Exercise inputs:

lemma cnj_poly_vanishing_at_0_real_polynomial_function:
  fixes P :: "complex \<Rightarrow> real"
  assumes "real_polynomial_function P"
  shows "cnj_poly_vanishing_at_0 (\<lambda>z. complex_of_real (P z - P 0))"
  using assms
proof induction
  case (linear P)
  then have "linear P"
    by (rule bounded_linear.linear)
  have P_eq: "P z = Re z * P 1 + Im z * P \<i>" for z
  proof -
    have "P z = P (Re z *\<^sub>R 1 + Im z *\<^sub>R \<i>)"
      by (rule arg_cong[of _ _ P]) (simp add: complex_eq_iff)
    also have "\<dots> = Re z * P 1 + Im z * P \<i>"
      using \<open>linear P\<close> by (simp add: linear_add linear_scale)
    finally show ?thesis .
  qed
  define c1 where "c1 = (P 1 - \<i> * P \<i>) / 2"
  define c2 where "c2 = (P 1 + \<i> * P \<i>) / 2"
  have "(\<lambda>z. complex_of_real (P z - P 0)) = (\<lambda>z. c1 * (z ^ 1 * cnj z ^ 0) + c2 * (z ^ 0 * cnj z ^ 1))"
  proof
    fix z
    show "complex_of_real (P z - P 0) = c1 * (z ^ 1 * cnj z ^ 0) + c2 * (z ^ 0 * cnj z ^ 1)"
      using P_eq[of z] P_eq[of 0] by (simp add: complex_eq_iff c1_def c2_def field_simps)
  qed
  then show ?case
    by (simp only:) (intro cnj_poly_vanishing_at_0.intros; simp)
next
  case (const c)
  then show ?case
    using cnj_poly_vanishing_at_0_zero by simp
next
  case (add f g)
  have "cnj_poly_vanishing_at_0 (\<lambda>z. complex_of_real (f z - f 0) + complex_of_real (g z - g 0))"
    using add.IH by (rule cnj_poly_vanishing_at_0.add)
  then show ?case
    by (simp add: algebra_simps)
next
  case (mult f g)
  have "cnj_poly_vanishing_at_0 (\<lambda>z. complex_of_real (f z - f 0) * complex_of_real (g z - g 0)
      + (f 0 * complex_of_real (g z - g 0) + g 0 * complex_of_real (f z - f 0)))"
    using mult.IH
    by (intro cnj_poly_vanishing_at_0.add cnj_poly_vanishing_at_0.cmult cnj_poly_vanishing_at_0_mult)
  then show ?case
    by (simp add: algebra_simps)
qed

lemma kernel_approximable_cnj_poly:
  fixes K :: "real set" and F :: "complex set"
  assumes K: "compact K" and "a \<in> F" and a: "a islimpt F" and cnj_a: "cnj a islimpt F"
    and KF: "\<And>t. t \<in> K \<Longrightarrow> complex_of_real t \<notin> F"
    and "cnj_poly_vanishing_at_0 p"
  shows "kernel_approximable cauchy_kernel1 F K (\<lambda>t. p (cauchy_kernel1 a t))"
proof -
  have aK: "a \<notin> complex_of_real ` K"
    using KF \<open>a \<in> F\<close> by auto
  then have cnj_aK: "cnj a \<notin> complex_of_real ` K"
    by (metis (no_types, lifting) complex_cnj_cnj complex_cnj_complex_of_real image_iff)
  note recip_monomial = kernel_approximable_recip_monomial[OF
      kernel_approximable_recip_power[OF K a aK KF] kernel_approximable_recip_power[OF K cnj_a cnj_aK KF]
      aK cnj_aK]
  from \<open>cnj_poly_vanishing_at_0 p\<close> show ?thesis
  proof induction
    case (monomial m n)
    then show ?case
      using recip_monomial[of m n] by simp
  next
    case (add p q)
    from add.IH show ?case by (rule kernel_approximable_add)
  next
    case (cmult p c)
    from cmult.IH show ?case by (rule kernel_approximable_cmult)
  qed
qed

lemma continuous_on_insert_if:
  fixes S :: "'a::t1_space set"
  assumes "closed S" "c \<notin> S" "continuous_on S g"
  shows "continuous_on (insert c S) (\<lambda>z. if z = c then d else g z)"
proof -
  have "continuous_on S (\<lambda>z. if z = c then d else g z)"
    using assms(3) by (rule continuous_on_eq) (use assms(2) in auto)
  then have "continuous_on ({c} \<union> S) (\<lambda>z. if z = c then d else g z)"
    using assms(1) by (intro continuous_on_closed_Un) auto
  then show ?thesis
    by simp
qed

lemma cauchy_kernel1_approximable:
  fixes K :: "real set" and F :: "complex set" and f :: "real \<Rightarrow> real"
  assumes K: "compact K" and "a \<in> F" and a: "a islimpt F" and cnj_a: "cnj a islimpt F"
    and KF: "\<And>t. t \<in> K \<Longrightarrow> complex_of_real t \<notin> F"
    and f: "continuous_on K f"
  shows "kernel_approximable cauchy_kernel1 F K (\<lambda>t. complex_of_real (f t))"
proof (rule kernel_approximable_uniform_limit)
  define s where "s = cauchy_kernel1 a"
  have s_nonzero: "s t \<noteq> 0" and s_inverse: "Re (a - 1 / s t) = t" if "t \<in> K" for t
    using KF \<open>a \<in> F\<close> that by (auto simp: s_def)
  have "continuous_on K s"
    using KF \<open>a \<in> F\<close> unfolding s_def by (intro continuous_intros) auto
  then have "compact (s ` K)"
    using K by (rule compact_continuous_image)
  define \<phi> where "\<phi> z = (if z = 0 then 0 else f (Re (a - 1 / z)))" for z
  have "continuous_on (s ` K) (\<lambda>z. f (Re (a - 1 / z)))"
    using s_nonzero s_inverse
    by (intro continuous_on_compose2[OF f]) (auto intro!: continuous_intros)
  then have "continuous_on (insert 0 (s ` K)) \<phi>"
    unfolding \<phi>_def using \<open>compact (s ` K)\<close> s_nonzero
    by (intro continuous_on_insert_if compact_imp_closed) auto
  fix e :: real assume "e > 0"
  then obtain P where P: "real_polynomial_function P"
      "\<And>z. z \<in> insert 0 (s ` K) \<Longrightarrow> \<bar>\<phi> z - P z\<bar> < e / 2"
    using Stone_Weierstrass_real_polynomial_function[OF _ \<open>continuous_on (insert 0 (s ` K)) \<phi>\<close>]
      \<open>compact (s ` K)\<close> by (metis compact_insert half_gt_zero)
  have "kernel_approximable cauchy_kernel1 F K (\<lambda>t. complex_of_real (P (s t) - P 0))"
    unfolding s_def using assms(1-5) cnj_poly_vanishing_at_0_real_polynomial_function[OF P(1)]
    by (rule kernel_approximable_cnj_poly)
  moreover have "cmod (complex_of_real (f t) - complex_of_real (P (s t) - P 0)) < e" if "t \<in> K" for t
  proof -
    have "\<phi> (s t) = f t" "\<phi> 0 = 0"
      using s_nonzero[OF that] s_inverse[OF that] by (auto simp: \<phi>_def)
    then show ?thesis
      using P(2)[of 0] P(2)[of "s t"] that by (simp flip: of_real_diff) (smt (verit))
  qed
  ultimately show "\<exists>g. kernel_approximable cauchy_kernel1 F K g \<and>
      (\<forall>t\<in>K. cmod (complex_of_real (f t) - g t) < e)"
    by blast
qed

section \<open>Boundaries of closures of open sets\<close>

lemma frontier_closure_disjoint_open:
  assumes "open U"
  shows "frontier (closure U) \<inter> U = {}"
  using interior_maximal[OF closure_subset assms] by (auto simp: frontier_def)

text \<open>An isolated boundary point would have a punctured neighbourhood that, being connected,
  lies either in the interior of \<open>closure U\<close> or outside \<open>closure U\<close>; neither is possible.\<close>
lemma islimpt_frontier_closure:
  fixes U :: "'a::euclidean_space set"
  assumes "2 \<le> DIM('a)" "open U" and p: "p \<in> frontier (closure U)"
  shows "p islimpt frontier (closure U)"
proof (rule ccontr)
  assume "\<not> p islimpt frontier (closure U)"
  then obtain r where "r > 0" and r: "\<And>x. x \<in> ball p r - {p} \<Longrightarrow> x \<notin> frontier (closure U)"
    unfolding islimpt_approachable by (auto simp: dist_commute)
  define B where "B = ball p r - {p}"
  have B: "B \<subseteq> interior (closure U) \<union> - closure U"
    using r unfolding B_def frontier_def by auto
  then have "interior (closure U) \<inter> B = {} \<or> - closure U \<inter> B = {}"
    using connected_punctured_ball[OF assms(1)] unfolding B_def
    by (intro connectedD) (auto dest: interior_subset[THEN subsetD])
  then show False
  proof
    assume "interior (closure U) \<inter> B = {}"
    have "p islimpt closure U"
      using p assms(2) by (intro islimpt_closure_open[of U]) (auto simp: frontier_def)
    then obtain x where "x \<in> closure U" "x \<in> B"
      using \<open>r > 0\<close> unfolding islimpt_approachable B_def by (auto simp: dist_commute)
    then show False
      using B \<open>interior (closure U) \<inter> B = {}\<close> by blast
  next
    assume "- closure U \<inter> B = {}"
    then have "ball p r \<subseteq> closure U"
      using p unfolding B_def frontier_def by auto
    then have "p \<in> interior (closure U)"
      using \<open>r > 0\<close> by (intro interior_maximal[THEN subsetD, of "ball p r"]) auto
    then show False
      using p by (auto simp: frontier_def)
  qed
qed

lemma frontier_injective_linear_image:
  fixes f :: "'a::euclidean_space \<Rightarrow> 'a"
  assumes "linear f" "inj f"
  shows "f ` frontier S = frontier (f ` S)"
  using assms by (simp add: frontier_def image_set_diff closure_injective_linear_image
      interior_injective_linear_image)

lemma cnj_in_frontier_closure:
  assumes "\<And>z. z \<in> U \<Longrightarrow> cnj z \<in> U" "z \<in> frontier (closure U)"
  shows "cnj z \<in> frontier (closure U)"
proof -
  have "inj cnj"
    by (metis injI complex_cnj_cnj)
  have "cnj ` U = U"
    using assms(1) by (auto simp: image_iff) (metis complex_cnj_cnj)
  then have "cnj ` frontier (closure U) = frontier (closure U)"
    using linear_cnj \<open>inj cnj\<close>
    by (simp add: frontier_injective_linear_image closure_injective_linear_image)
  then show ?thesis
    using assms(2) by blast
qed

section \<open>Several variables\<close>

lemma kernel_comb_conv_sum_nth:
  "kernel_comb kern L t = (\<Sum>k<length L. fst (L ! k) * kern (snd (L ! k)) t)"
  by (simp add: kernel_comb_def sum_list_sum_nth atLeast0LessThan case_prod_beta)

lemma prod_kernel_comb_cauchy_kernel1:
  fixes Ls :: "'n::finite \<Rightarrow> (complex \<times> complex) list"
  obtains L where "snd ` set L \<subseteq> prod_set_complex (\<lambda>i. snd ` set (Ls i))"
    and "\<And>x. (\<Prod>i\<in>UNIV. kernel_comb cauchy_kernel1 (Ls i) (x $ i)) = kernel_comb cauchy_kernel L x"
proof -
  define H where "H = PiE UNIV (\<lambda>i. {..<length (Ls i)})"
  have "finite H"
    by (simp add: H_def finite_PiE)
  then obtain hs where hs: "set hs = H" "distinct hs"
    using finite_distinct_list by blast
  define L where "L = map (\<lambda>h. (\<Prod>i\<in>UNIV. fst (Ls i ! h i), \<chi> i. snd (Ls i ! h i))) hs"
  show thesis
  proof
    show "snd ` set L \<subseteq> prod_set_complex (\<lambda>i. snd ` set (Ls i))"
      by (auto simp: L_def hs H_def prod_set_complex_def PiE_iff)
  next
    fix x :: "real ^ 'n"
    have "(\<Prod>i\<in>UNIV. kernel_comb cauchy_kernel1 (Ls i) (x $ i))
        = (\<Sum>h\<in>H. \<Prod>i\<in>UNIV. fst (Ls i ! h i) * cauchy_kernel1 (snd (Ls i ! h i)) (x $ i))"
      unfolding kernel_comb_conv_sum_nth H_def by (rule prod_sum_PiE) auto
    also have "\<dots> = (\<Sum>h\<in>H. (\<Prod>i\<in>UNIV. fst (Ls i ! h i)) * cauchy_kernel (\<chi> i. snd (Ls i ! h i)) x)"
      by (intro sum.cong refl) (simp only: cauchy_kernel_def vec_lambda_beta prod.distrib)
    also have "\<dots> = (\<Sum>h\<leftarrow>hs. (\<Prod>i\<in>UNIV. fst (Ls i ! h i)) * cauchy_kernel (\<chi> i. snd (Ls i ! h i)) x)"
      unfolding hs(1)[symmetric] by (rule sum.distinct_set_conv_list[OF hs(2)])
    also have "\<dots> = kernel_comb cauchy_kernel L x"
      by (simp add: kernel_comb_def L_def o_def)
    finally show "(\<Prod>i\<in>UNIV. kernel_comb cauchy_kernel1 (Ls i) (x $ i)) = kernel_comb cauchy_kernel L x" .
  qed
qed

lemma norm_prod_diff_le:
  fixes p q :: "'i \<Rightarrow> 'a::real_normed_field" and B \<delta> :: real
  assumes "B \<ge> 0" "\<delta> \<le> 1" "\<And>i. i \<in> I \<Longrightarrow> norm (p i) \<le> B" "\<And>i. i \<in> I \<Longrightarrow> norm (p i - q i) \<le> \<delta>"
  shows "norm ((\<Prod>i\<in>I. p i) - (\<Prod>i\<in>I. q i)) \<le> (B + 1) ^ card I * (card I * \<delta>)"
proof -
  define C where "C = B + 1"
  have "C \<ge> 1" using assms(1) by (simp add: C_def)
  have p: "norm (p i) \<le> C" if "i \<in> I" for i
    using assms(3)[OF that] by (simp add: C_def)
  have q: "norm (q i) \<le> C" if "i \<in> I" for i
    using norm_triangle_ineq2[of "q i" "p i"] assms(2) assms(3,4)[OF that]
    by (simp add: C_def norm_minus_commute)
  have "norm ((\<Prod>i\<in>I. p i / of_real C) - (\<Prod>i\<in>I. q i / of_real C))
      \<le> (\<Sum>i\<in>I. norm (p i / of_real C - q i / of_real C))"
    using p q \<open>C \<ge> 1\<close> by (intro norm_prod_diff) (auto simp: norm_divide)
  also have "\<dots> \<le> (\<Sum>i\<in>I. norm (p i - q i))"
    using \<open>C \<ge> 1\<close>
    by (intro sum_mono) (simp add: norm_divide divide_le_eq mult_le_cancel_left1 flip: diff_divide_distrib)
  also have "\<dots> \<le> card I * \<delta>"
    using assms(4) by (rule sum_bounded_above)
  finally have "C ^ card I * norm ((\<Prod>i\<in>I. p i / of_real C) - (\<Prod>i\<in>I. q i / of_real C))
      \<le> C ^ card I * (card I * \<delta>)"
    using \<open>C \<ge> 1\<close> by (intro mult_left_mono) auto
  moreover have "(\<Prod>i\<in>I. p i) - (\<Prod>i\<in>I. q i)
      = of_real (C ^ card I) * ((\<Prod>i\<in>I. p i / of_real C) - (\<Prod>i\<in>I. q i / of_real C))"
    using \<open>C \<ge> 1\<close> by (simp add: prod_dividef right_diff_distrib)
  ultimately show ?thesis
    using \<open>C \<ge> 1\<close> by (simp add: norm_mult norm_power C_def)
qed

What you are asked to do: In the data above, which lines lie between the line with "using p unfolding" and the line with "S = frontier", inclusive? Print those lines exactly and nothing else.

Response area:
      using p unfolding B_def frontier_def by auto
    then have "p \<in> interior (closure U)"
      using \<open>r > 0\<close> by (intro interior_maximal[THEN subsetD, of "ball p r"]) auto
    then show False
      using p by (auto simp: frontier_def)
  qed
qed

lemma frontier_injective_linear_image:
  fixes f :: "'a::euclidean_space \<Rightarrow> 'a"
  assumes "linear f" "inj f"
  shows "f ` frontier S = frontier (f ` S)"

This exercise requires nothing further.